Content starts
(* Fix a threshold $R\in(0,1)$ and, when $\Delta_S^B\neq 0$, let $\tilde i=\Delta_O^B/\Delta_S^B$. Then: (i) if $|\Delta_S^B|\le 2\Delta_O^B$, every type $i\in[-1/2,1/2]$ accepts the recommendation; (ii) if $\Delta_S^B<-2\Delta_O^B$, every type $i\ge\tilde i$ accepts the recommendation; (iii) if $\Delta_S^B>2\Delta_O^B$, every type $i\le\tilde i$ accepts the recommendation.
   Context: Setting. Consumer types are $i\in[-1/2,1/2]$, distributed according to a continuous cumulative distribution function $F$ with full support on $[-1/2,1/2]$. A product has a quality vector $(Q_1,Q_2)\in\{0,1\}^2$; a type-$i$ consumer gets payoff $(1/2+i)Q_1+(1/2-i)Q_2$ from it. The versions $(1,1),(1,0),(0,1),(0,0)$ have prior probabilities $q_H,q_1,q_2,q_L$ respectively, all strictly positive and summing to $1$. One product carries a recommendation from a sender whose type is drawn from $F$ independently of the product; given a threshold $R\in(0,1)$, the sender gives a buy recommendation $B$ if her payoff from the product is at least $R$ and a don't-buy recommendation $D$ otherwise. Let $\phi_1(R)=1-F(R-1/2)$, $\phi_2(R)=F(1/2-R)$, $\pi^B=q_H+q_1\phi_1(R)+q_2\phi_2(R)$ and $\pi^D=1-\pi^B$. Posteriors: $p^B_H=q_H/\pi^B$, $p^B_1=q_1\phi_1(R)/\pi^B$, $p^B_2=q_2\phi_2(R)/\pi^B$, $p^B_L=0$; $p^D_H=0$, $p^D_1=q_1(1-\phi_1(R))/\pi^D$, $p^D_2=q_2(1-\phi_2(R))/\pi^D$, $p^D_L=q_L/\pi^D$. For $r\in\{B,D\}$ let $U_i^r=p_H^r+(1/2+i)p_1^r+(1/2-i)p_2^r$ and $U_i^0=q_H+(1/2+i)q_1+(1/2-i)q_2$. A receiver of type $i$ accepts the recommendation if $U_i^B\ge U_i^0$ (equivalently, $U_i^0\ge U_i^D$). The objective and subjective effects of $r\in\{B,D\}$ are $\Delta_O^r=p_H^r-q_H+\frac{p_1^r-q_1}{2}+\frac{p_2^r-q_2}{2}$ and $\Delta_S^r=(p_2^r-q_2)-(p_1^r-q_1)$. *)

theory Defs
  imports Complex_Main
begin

definition is_cdf_full_support :: "(real \<Rightarrow> real) \<Rightarrow> bool" where
  "is_cdf_full_support F \<longleftrightarrow> continuous_on UNIV F \<and> mono F \<and>
     (\<forall>x. x \<le> -1/2 \<longrightarrow> F x = 0) \<and> (\<forall>x. x \<ge> 1/2 \<longrightarrow> F x = 1) \<and>
     strict_mono_on {-1/2..1/2} F"

definition phi1 :: "(real \<Rightarrow> real) \<Rightarrow> real \<Rightarrow> real" where
  "phi1 F R = 1 - F (R - 1/2)"

definition phi2 :: "(real \<Rightarrow> real) \<Rightarrow> real \<Rightarrow> real" where
  "phi2 F R = F (1/2 - R)"

definition piB :: "(real \<Rightarrow> real) \<Rightarrow> real \<Rightarrow> real \<Rightarrow> real \<Rightarrow> real \<Rightarrow> real" where
  "piB F qH q1 q2 R = qH + q1 * phi1 F R + q2 * phi2 F R"

text \<open>Posteriors after a buy recommendation (p^B_L = 0).\<close>
definition pBH :: "(real \<Rightarrow> real) \<Rightarrow> real \<Rightarrow> real \<Rightarrow> real \<Rightarrow> real \<Rightarrow> real" where
  "pBH F qH q1 q2 R = qH / piB F qH q1 q2 R"
definition pB1 :: "(real \<Rightarrow> real) \<Rightarrow> real \<Rightarrow> real \<Rightarrow> real \<Rightarrow> real \<Rightarrow> real" where
  "pB1 F qH q1 q2 R = q1 * phi1 F R / piB F qH q1 q2 R"
definition pB2 :: "(real \<Rightarrow> real) \<Rightarrow> real \<Rightarrow> real \<Rightarrow> real \<Rightarrow> real \<Rightarrow> real" where
  "pB2 F qH q1 q2 R = q2 * phi2 F R / piB F qH q1 q2 R"

definition UB :: "(real \<Rightarrow> real) \<Rightarrow> real \<Rightarrow> real \<Rightarrow> real \<Rightarrow> real \<Rightarrow> real \<Rightarrow> real" where
  "UB F qH q1 q2 R i = pBH F qH q1 q2 R + (1/2 + i) * pB1 F qH q1 q2 R
                       + (1/2 - i) * pB2 F qH q1 q2 R"

definition U0 :: "real \<Rightarrow> real \<Rightarrow> real \<Rightarrow> real \<Rightarrow> real" where
  "U0 qH q1 q2 i = qH + (1/2 + i) * q1 + (1/2 - i) * q2"

definition accepts :: "(real \<Rightarrow> real) \<Rightarrow> real \<Rightarrow> real \<Rightarrow> real \<Rightarrow> real \<Rightarrow> real \<Rightarrow> bool" where
  "accepts F qH q1 q2 R i \<longleftrightarrow> UB F qH q1 q2 R i \<ge> U0 qH q1 q2 i"

definition DeltaOB :: "(real \<Rightarrow> real) \<Rightarrow> real \<Rightarrow> real \<Rightarrow> real \<Rightarrow> real \<Rightarrow> real" where
  "DeltaOB F qH q1 q2 R = pBH F qH q1 q2 R - qH + (pB1 F qH q1 q2 R - q1) / 2
                          + (pB2 F qH q1 q2 R - q2) / 2"

definition DeltaSB :: "(real \<Rightarrow> real) \<Rightarrow> real \<Rightarrow> real \<Rightarrow> real \<Rightarrow> real \<Rightarrow> real" where
  "DeltaSB F qH q1 q2 R = (pB2 F qH q1 q2 R - q2) - (pB1 F qH q1 q2 R - q1)"

end

theory Submission
  imports Defs
begin

text \<open>
  A type-\<open>i\<close> receiver gains \<open>\<Delta>\<^sub>O\<^sup>B - i \<Delta>\<^sub>S\<^sup>B\<close> from following a buy
  recommendation, an affine function of \<open>i\<close>. Moreover \<open>\<Delta>\<^sub>O\<^sup>B \<ge> 0\<close>: the buy
  probabilities \<open>1, \<phi>\<^sub>1, \<phi>\<^sub>2, 0\<close> of the versions are ordered like their objective
  values \<open>1, 1/2, 1/2, 0\<close>, so conditioning on \<open>B\<close> cannot lower the expected objective value.
  The three cases then only locate the zero \<open>\<Delta>\<^sub>O\<^sup>B / \<Delta>\<^sub>S\<^sup>B\<close> of the gain relative
  to \<open>[-1/2, 1/2]\<close>.
\<close>

lemma cdf_full_support_range:
  assumes "is_cdf_full_support F"
  shows "0 \<le> F x" and "F x \<le> 1"
proof -
  have "mono F" and "F (min x (-1)) = 0" and "F (max x 1) = 1"
    using assms unfolding is_cdf_full_support_def by auto
  moreover have "F (min x (-1)) \<le> F x" and "F x \<le> F (max x 1)"
    using \<open>mono F\<close> by (simp_all add: monoD)
  ultimately show "0 \<le> F x" and "F x \<le> 1" by simp_all
qed

text \<open>
  Here \<open>s\<close> is the mass \<open>q\<^sub>1\<phi>\<^sub>1 + q\<^sub>2\<phi>\<^sub>2\<close> of the middle versions \<open>m = q\<^sub>1 + q\<^sub>2\<close>
  that is recommended. The slack is affine in \<open>s\<close>, equal to \<open>q\<^sub>H(q\<^sub>L + m/2)\<close>
  at \<open>s = 0\<close> and to \<open>(q\<^sub>H + m/2) q\<^sub>L\<close> at \<open>s = m\<close>.
\<close>
lemma buy_mass_objective_value_le:
  fixes qH qL m s :: real
  assumes "0 \<le> qH" "0 \<le> qL" "0 \<le> s" "s \<le> m" "qH + m + qL = 1"
  shows "(qH + s) * (qH + m / 2) \<le> qH + s / 2"
proof (cases "m = 0")
  case True
  then show ?thesis using assms by (simp add: mult_left_le)
next
  case False
  then have "m > 0" using assms by linarith
  have "qL = 1 - qH - m" using assms(5) by simp
  have "m * (qH + s / 2 - (qH + s) * (qH + m / 2))
      = (m - s) * (qH * (qL + m / 2)) + s * ((qH + m / 2) * qL)"
    unfolding \<open>qL = 1 - qH - m\<close> by (simp add: field_simps)
  also have "\<dots> \<ge> 0" using assms by simp
  finally show ?thesis using \<open>m > 0\<close> by (simp add: zero_le_mult_iff)
qed

lemma DeltaOB_eq:
  "DeltaOB F qH q1 q2 R
     = (qH + (q1 * phi1 F R + q2 * phi2 F R) / 2) / piB F qH q1 q2 R - (qH + q1 / 2 + q2 / 2)"
  unfolding DeltaOB_def pBH_def pB1_def pB2_def
  by (cases "piB F qH q1 q2 R = 0") (simp_all add: field_simps)

lemma DeltaOB_nonneg:
  assumes "is_cdf_full_support F"
    and "0 < qH" "0 \<le> q1" "0 \<le> q2" "0 \<le> qL" "qH + q1 + q2 + qL = 1"
  shows "0 \<le> DeltaOB F qH q1 q2 R"
proof -
  define s where "s = q1 * phi1 F R + q2 * phi2 F R"
  have phi_range: "0 \<le> phi1 F R" "phi1 F R \<le> 1" "0 \<le> phi2 F R" "phi2 F R \<le> 1"
    unfolding phi1_def phi2_def using cdf_full_support_range[OF assms(1)] by auto
  have "0 \<le> s" unfolding s_def using phi_range assms by simp
  moreover have "s \<le> q1 + q2"
    unfolding s_def using phi_range assms by (simp add: add_mono mult_left_le)
  ultimately have "(qH + s) * (qH + (q1 + q2) / 2) \<le> qH + s / 2"
    using assms by (intro buy_mass_objective_value_le[where qL = qL]) auto
  moreover have "qH + s > 0" using \<open>0 \<le> s\<close> assms(2) by simp
  ultimately have "qH + q1 / 2 + q2 / 2 \<le> (qH + s / 2) / (qH + s)"
    by (simp add: pos_le_divide_eq mult.commute add.assoc) (simp add: add_divide_distrib)
  then show ?thesis by (simp add: DeltaOB_eq piB_def s_def add.assoc)
qed

lemma UB_minus_U0:
  "UB F qH q1 q2 R i - U0 qH q1 q2 i = DeltaOB F qH q1 q2 R - i * DeltaSB F qH q1 q2 R"
  unfolding UB_def U0_def DeltaOB_def DeltaSB_def by (simp add: field_simps)

lemma accepts_iff: "accepts F qH q1 q2 R i \<longleftrightarrow> i * DeltaSB F qH q1 q2 R \<le> DeltaOB F qH q1 q2 R"
  using UB_minus_U0[of F qH q1 q2 R i] unfolding accepts_def by linarith

theorem corollary1:
  fixes F :: "real \<Rightarrow> real" and qH q1 q2 qL R :: real
  assumes "is_cdf_full_support F"
    and "qH > 0" and "q1 > 0" and "q2 > 0" and "qL > 0" and "qH + q1 + q2 + qL = 1"
    and "0 < R" and "R < 1"
  defines "dO \<equiv> DeltaOB F qH q1 q2 R" and "dS \<equiv> DeltaSB F qH q1 q2 R"
  shows "(\<bar>dS\<bar> \<le> 2 * dO \<longrightarrow> (\<forall>i\<in>{-1/2..1/2}. accepts F qH q1 q2 R i))
       \<and> (dS \<noteq> 0 \<and> dS < - 2 * dO \<longrightarrow>
            (\<forall>i\<in>{-1/2..1/2}. i \<ge> dO / dS \<longrightarrow> accepts F qH q1 q2 R i))
       \<and> (dS \<noteq> 0 \<and> dS > 2 * dO \<longrightarrow>
            (\<forall>i\<in>{-1/2..1/2}. i \<le> dO / dS \<longrightarrow> accepts F qH q1 q2 R i))"
proof -
  have "0 \<le> dO" unfolding dO_def using assms(1-6) by (intro DeltaOB_nonneg) auto
  have "i * dS \<le> dO" if "\<bar>dS\<bar> \<le> 2 * dO" "i \<in> {-1/2..1/2}" for i
  proof -
    have "i * dS \<le> \<bar>i\<bar> * \<bar>dS\<bar>" by (simp flip: abs_mult)
    also have "\<dots> \<le> 1/2 * \<bar>dS\<bar>" using that(2) by (intro mult_right_mono) auto
    finally show ?thesis using that(1) by linarith
  qed
  moreover have "i * dS \<le> dO" if "dS < - 2 * dO" "dO / dS \<le> i" for i
    using that \<open>0 \<le> dO\<close> by (simp add: neg_divide_le_eq)
  moreover have "i * dS \<le> dO" if "dS > 2 * dO" "i \<le> dO / dS" for i
    using that \<open>0 \<le> dO\<close> by (simp add: pos_le_divide_eq)
  ultimately show ?thesis unfolding accepts_iff dO_def[symmetric] dS_def[symmetric] by auto
qed

end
Content ends
> [THE TASK]:
Find how many lines of the listing hold "longleftrightarrow" and give the number by itself.

> [ANSWER TO THE PROBLEM]:
3